I am able to take the time to post right now while my mom is holding our precious Magdalena. Before her breakfast this morning her heart rate lowered too low, but with a little reminder it resumed to a good speed. When her apnea monitor sounds I am always on edge not knowing, but at the same time, on many occasions she pulls up her heart rate and breathing herself. Then, during breakfast I noticed her color changing so quickly. I jumped up and began to pat her trying my best to remind her to breathe, but no matter how hard she was trying, she just couldn't do it. I ran to the oxygen machine and while hitting her back I waved the oxygen in front of her face until her color returned.
I thought to myself "ok, I knew that this would happen", and I called Noah to let him know the situation. I continued to feed her breakfast when it happened it again, but I had a harder time getting her color to return. After calling Noah again he began on his way home. Something just wasn't right....
Instead of her color getting better it continued to get worse. She had stopped breathing and her heart rate had lowered. As I sat there in tears I kept begging for her to fight, I realized that she had already done that for so long. I had gotten everything that I had prayed for already. We were able to spend time with her, know her, love her, baptize her, and bring her home with us. We were already given much more than we expected when first entering the delivery room.

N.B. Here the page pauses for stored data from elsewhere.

lemma row_index_split_long:
  assumes m: "m \<ge> 2" and st: "s + t = m - 1" and a: "1 \<le> a" "a \<le> m"
    and tc: "t + 1 + c \<le> m - 2" and j: "j < t + a + 1 + c"
  shows "row_index m s (split_long t a c) j =
    (if j \<le> t then j else if j = t + 1 then t + 1 else if j \<le> t + a then t + 2
     else if j \<le> t + m then j - a + 1 else j - a + 2)"
proof -
  have steps: "long_steps (split_long t a c) j = (if j \<le> t then j else if j \<le> t + 1 then t
      else if j \<le> t + a + 1 then t + 1 else j - a)"
    using long_steps_split_long[OF a(1), of t c j] j by (auto simp: min_def)
  consider "j \<le> t" | "t < j" "j \<le> t + m" | "t + m < j" by linarith
  then show ?thesis
  proof cases
    case 1
    then have "s + j < m" using st m by linarith
    then show ?thesis using 1 steps by (simp add: row_index_def)
  next
    case 2
    then have "(s + j) div m = 1" using div_mod_below_double[of "s + j" m] st m by auto
    then show ?thesis using 2 steps a by (auto simp: row_index_def)
  next
    case 3
    then have "(s + j) div m = 2" using div_mod_below_triple[of m "s + j"] st j tc a by auto
    then show ?thesis using 3 steps a by (auto simp: row_index_def)
  qed
qed

lemma row_coloured_split_long:
  assumes m: "m \<ge> 2" and st: "s + t = m - 1" and a: "1 \<le> a" "a \<le> m"
    and j: "j < t + a + 1 + c"
  shows "row_coloured m s (split_long t a c) j \<longleftrightarrow> j \<le> t + 1 \<or> j = t + m \<or> t + a < j"
proof -
  have letter: "split_long t a c ! j = (j < t \<or> j = t + 1 \<or> t + a + 1 \<le> j)"
    using nth_split_long[OF a(1) j] .
  consider "j \<le> t" | "t < j" "j \<le> t + a" | "t + a < j" by linarith
  then show ?thesis
  proof cases
    case 1
    then have "(s + j) mod m = s + j" using st m by simp
    then show ?thesis using 1 letter st m by (auto simp: row_coloured_def)
  next
    case 2
    then have "(s + j) mod m = j - t - 1" using div_mod_below_double[of "s + j" m] st m a by auto
    then show ?thesis using 2 letter st m by (auto simp: row_coloured_def)
  next
    case 3
    then show ?thesis using letter by (simp add: row_coloured_def)
  qed
qed
lemma swap_map_image:
  assumes D: "D \<in> P" and E: "E \<in> P" "D \<noteq> E"
  shows "swap_map D E \<alpha> \<beta> ` D = \<alpha> ` D" and "swap_map D E \<alpha> \<beta> ` E = \<beta> ` E"
    and "C \<in> P \<Longrightarrow> C \<noteq> D \<Longrightarrow> C \<noteq> E \<Longrightarrow> swap_map D E \<alpha> \<beta> ` C = C"
proof -
  have DE: "D \<inter> E = {}" using block_eqI[OF D E(1)] E(2) by blast
  have "swap_map D E \<alpha> \<beta> z = \<alpha> z" if "z \<in> D" for z
    using that block_subset[OF D] unfolding swap_map_def by auto
  then show "swap_map D E \<alpha> \<beta> ` D = \<alpha> ` D" by (rule image_cong[OF refl])
  have "swap_map D E \<alpha> \<beta> z = \<beta> z" if "z \<in> E" for z
    using that DE block_subset[OF E(1)] unfolding swap_map_def by auto
  then show "swap_map D E \<alpha> \<beta> ` E = \<beta> ` E" by (rule image_cong[OF refl])
  assume C: "C \<in> P" "C \<noteq> D" "C \<noteq> E"
  then have "C \<inter> D = {}" "C \<inter> E = {}" using block_eqI[OF C(1)] D E(1) by blast+
  then have "swap_map D E \<alpha> \<beta> z = id z" if "z \<in> C" for z
    using that block_subset[OF C(1)] unfolding swap_map_def by auto
  then have "swap_map D E \<alpha> \<beta> ` C = id ` C" by (rule image_cong[OF refl])
  then show "swap_map D E \<alpha> \<beta> ` C = C" by simp
qed

lemma swap_map_image_subset:
  assumes D: "D \<in> P" and E: "E \<in> P" "D \<noteq> E" and \<alpha>: "\<alpha> ` D \<subseteq> E" and \<beta>: "\<beta> ` E \<subseteq> D"
    and Q: "Q \<in> P"
  shows "swap_map D E \<alpha> \<beta> ` Q \<subseteq> transpose D E Q"
  using swap_map_image[OF D E] \<alpha> \<beta> Q E(2) by (cases "Q = D"; cases "Q = E") auto

lemma swap_map_Sigma_map:
  assumes D: "D \<in> P" and E: "E \<in> P" "D \<noteq> E" and \<alpha>: "\<alpha> ` D \<subseteq> E" and \<beta>: "\<beta> ` E \<subseteq> D"
  shows "swap_map D E \<alpha> \<beta> \<in> Sigma_map X P"
proof (rule Sigma_mapI)
  show "swap_map D E \<alpha> \<beta> \<in> X \<rightarrow>\<^sub>E X"
    using \<alpha> \<beta> block_subset[OF D] block_subset[OF E(1)] unfolding swap_map_def by (auto simp: PiE_iff)
  show "bij_betw (transpose D E) P P" using D E(1) by simp
qed (rule swap_map_image_subset[OF assms])

lemma block_map_swap_map:
  assumes D: "D \<in> P" and E: "E \<in> P" "D \<noteq> E" and \<alpha>: "\<alpha> ` D \<subseteq> E" and \<beta>: "\<beta> ` E \<subseteq> D"
    and Q: "Q \<in> P"
  shows "block_map (swap_map D E \<alpha> \<beta>) Q = transpose D E Q"
  using block_map_eqI[OF Sigma_map_T_map[OF swap_map_Sigma_map[OF assms(1-5)]] Q]
    swap_map_image_subset[OF assms] D E(1) Q by (simp add: transpose_def)

lemma collapse_Sigma_map:
  assumes "B \<in> P" "x \<in> B" "y \<in> B"
  shows "collapse x y \<in> Sigma_map X P"
proof (rule Sigma_mapI)
  show "collapse x y \<in> X \<rightarrow>\<^sub>E X" using assms block_subset unfolding collapse_def by (auto simp: PiE_iff)
  show "bij_betw id P P" by simp
  show "collapse x y ` Q \<subseteq> id Q" if "Q \<in> P" for Q
    using that assms block_eqI[OF that assms(1)] block_subset[OF that] unfolding collapse_def by auto
qed

lemma Sigma_map_inj_on_Diff:
  assumes f: "f \<in> Sigma_map X P" and inj: "\<And>Q. Q \<in> P \<Longrightarrow> inj_on f (Q - V)"
  shows "inj_on f (X - V)"
proof (rule inj_onI)
  fix z1 z2 assume z: "z1 \<in> X - V" "z2 \<in> X - V" "f z1 = f z2"
  then have "block_of z1 = block_of z2" using Sigma_map_reflects_block[OF f] by simp
  then have "z1 \<in> block_of z1 - V" "z2 \<in> block_of z1 - V" using z in_block_of by auto
  then show "z1 = z2" using inj[OF block_of_in_P] z by (meson DiffD1 inj_onD)
qed

lemma compose_swap_map:
  assumes D: "D \<in> P" and E: "E \<in> P" "D \<noteq> E" and \<alpha>: "\<alpha> ` D \<subseteq> E" and \<beta>: "\<beta> ` E \<subseteq> D"
    and z: "z \<in> X"
  shows "compose X (swap_map D E \<alpha>' \<beta>') (swap_map D E \<alpha> \<beta>) z =
    (if z \<in> D then \<beta>' (\<alpha> z) else if z \<in> E then \<alpha>' (\<beta> z) else z)"
proof -
  have "D \<inter> E = {}" using block_eqI[OF D E(1)] E(2) by blast
  then show ?thesis
    using z \<alpha> \<beta> block_subset[OF D] block_subset[OF E(1)] unfolding swap_map_def
    by (auto simp: compose_eq)
qed

lemma block_fixing_inj_S_map:
  assumes f: "f \<in> X \<rightarrow>\<^sub>E X" "\<And>Q. Q \<in> P \<Longrightarrow> f ` Q \<subseteq> Q" and inj: "inj_on f X"
  shows "f \<in> S_map X P"
proof (rule S_mapI[OF f(1)])
  show "bij_betw f X X" using endo_inj_surj[OF finite_X _ inj] f(1) by (auto simp: bij_betw_def inj)
  show "f ` R \<in> P" if R: "R \<in> P" for R
    using endo_inj_surj[OF finite_block[OF R] f(2)[OF R] inj_on_subset[OF inj block_subset[OF R]]] R by simp
qed

text \<open>If f identifies x and y in the block Q, it misses some point z of Q; then f2 is f with y
  redirected to z.\<close>

lemma block_fixing_collapse_factor:
  assumes f: "f \<in> X \<rightarrow>\<^sub>E X" "\<And>Q. Q \<in> P \<Longrightarrow> f ` Q \<subseteq> Q" and not_inj: "\<not> inj_on f X"
  obtains f2 Q x y where "f2 \<in> X \<rightarrow>\<^sub>E X" "\<And>Q. Q \<in> P \<Longrightarrow> f2 ` Q \<subseteq> Q"
    "card (f ` X) < card (f2 ` X)" "Q \<in> P" "x \<in> Q" "y \<in> Q" "x \<noteq> y"
    "compose X f2 (collapse x y) = f"
proof -
  have f_block: "f z \<in> block_of z" if "z \<in> X" for z
    using f(2)[OF block_of_in_P[OF that]] in_block_of[OF that] by blast
  obtain x y where xy: "x \<in> X" "y \<in> X" "x \<noteq> y" "f x = f y" using not_inj unfolding inj_on_def by blast
  define Q where "Q = block_of x"
  have Q: "Q \<in> P" "x \<in> Q" unfolding Q_def using xy block_of_in_P in_block_of by auto
  have "f y \<in> block_of y" "f y \<in> Q" using f_block[OF xy(2)] f_block[OF xy(1)] xy(4) Q_def by auto
  then have y: "y \<in> Q" using block_eqI[OF block_of_in_P[OF xy(2)] Q(1)] in_block_of[OF xy(2)] by auto
  have "\<not> inj_on f Q" using xy Q y unfolding inj_on_def by blast
  then have "card (f ` Q) < card Q"
    using card_image_le[OF finite_block[OF Q(1)], of f] inj_on_iff_eq_card[OF finite_block[OF Q(1)], of f]
    by linarith
  then obtain z where z: "z \<in> Q" "z \<notin> f ` Q" using f(2)[OF Q(1)] by (metis less_irrefl subsetI subset_antisym)
  have zX: "z \<in> X" using z Q block_subset by blast
  have z_new: "z \<notin> f ` X"
  proof
    assume "z \<in> f ` X"
    then obtain w where w: "w \<in> X" "z = f w" by blast
    then have "block_of w = Q" using block_eqI[OF block_of_in_P[OF w(1)] Q(1)] f_block z(1) by blast
    then show False using w z in_block_of by blast
  qed
  define f2 where "f2 = f(y := z)"
  have "f2 \<in> X \<rightarrow>\<^sub>E X" using f(1) zX xy(2) unfolding f2_def by (auto simp: PiE_iff extensional_def)
  moreover have "f2 ` R \<subseteq> R" if R: "R \<in> P" for R
    using f(2)[OF R] block_eqI[OF R Q(1)] y z(1) unfolding f2_def by auto
  moreover have "card (f ` X) < card (f2 ` X)"
  proof -
    have "f ` (X - {y}) = f ` X" using xy by (auto simp: image_iff) (metis DiffI singletonD)
    then have "f2 ` X = insert z (f ` X)" using xy(2) unfolding f2_def by auto
    then show ?thesis using z_new finite_X by simp
  qed
  moreover have "compose X f2 (collapse x y) = f"
    using xy f(1) unfolding f2_def collapse_def by (intro extensionalityI) (auto simp: compose_eq PiE_iff)
  ultimately show ?thesis using that Q y xy(3) by blast
qed

definition size_defect :: "('a \<Rightarrow> 'a) \<Rightarrow> int" where
  "size_defect f = (\<Sum>Q\<in>P. (int (card (block_map f Q)) - int (card Q))\<^sup>2)"

lemma size_defect_exchange_less:
  assumes QR: "Q \<in> P" "R \<in> P" "card Q < card R" "card (block_map f R) < card (block_map f Q)"
    and swapped: "block_map g Q = block_map f R" "block_map g R = block_map f Q"
    and same: "\<And>Z. Z \<in> P \<Longrightarrow> Z \<noteq> Q \<Longrightarrow> Z \<noteq> R \<Longrightarrow> block_map g Z = block_map f Z"
  shows "size_defect g < size_defect f"
proof -
  define \<delta> where "\<delta> h Z = (int (card (block_map h Z)) - int (card Z))\<^sup>2" for h Z
  have "Q \<noteq> R" using QR(3) by auto
  then have split: "size_defect h = \<delta> h Q + \<delta> h R + sum (\<delta> h) (P - {Q, R})" for h
    unfolding size_defect_def \<delta>_def by (rule sum_remove2[OF finite_P QR(1,2)])
  have "sum (\<delta> g) (P - {Q, R}) = sum (\<delta> f) (P - {Q, R})"
    unfolding \<delta>_def using same by (intro sum.cong) auto
  moreover have "\<delta> g Q + \<delta> g R < \<delta> f Q + \<delta> f R"
    using sum_squares_exchange_less[of "int (card (block_map f R))" "int (card (block_map f Q))"
        "int (card Q)" "int (card R)"] QR(3,4)
    unfolding \<delta>_def swapped by simp
  ultimately show ?thesis using split[of f] split[of g] by simp
qed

When all of this flashed through my head I realized that I was ok to let her go. I didn't want it, but I knew that I didn't want her to continue to suffer. By this time Noah had arrived at the house, and just by his presence I felt stronger and that I was not alone. Then, by the grace of God, Magdalena came back to us. It was slow, but her daddy kept giving her a litte oxygen, and we both could tell when we were in the "safe" zone. She was so tired after this entire experience that we didn't even try to bottle feed her, but we simply gave her milk through her NG tube so that she could heal. Noah put Magdalena in one of her favorite positions, which is her laying on his chest, and she rested for a few hours. God has given us another day. I am not sure if I will be ready for the next episode and have any form of strength, but we will just have to take one day at a time.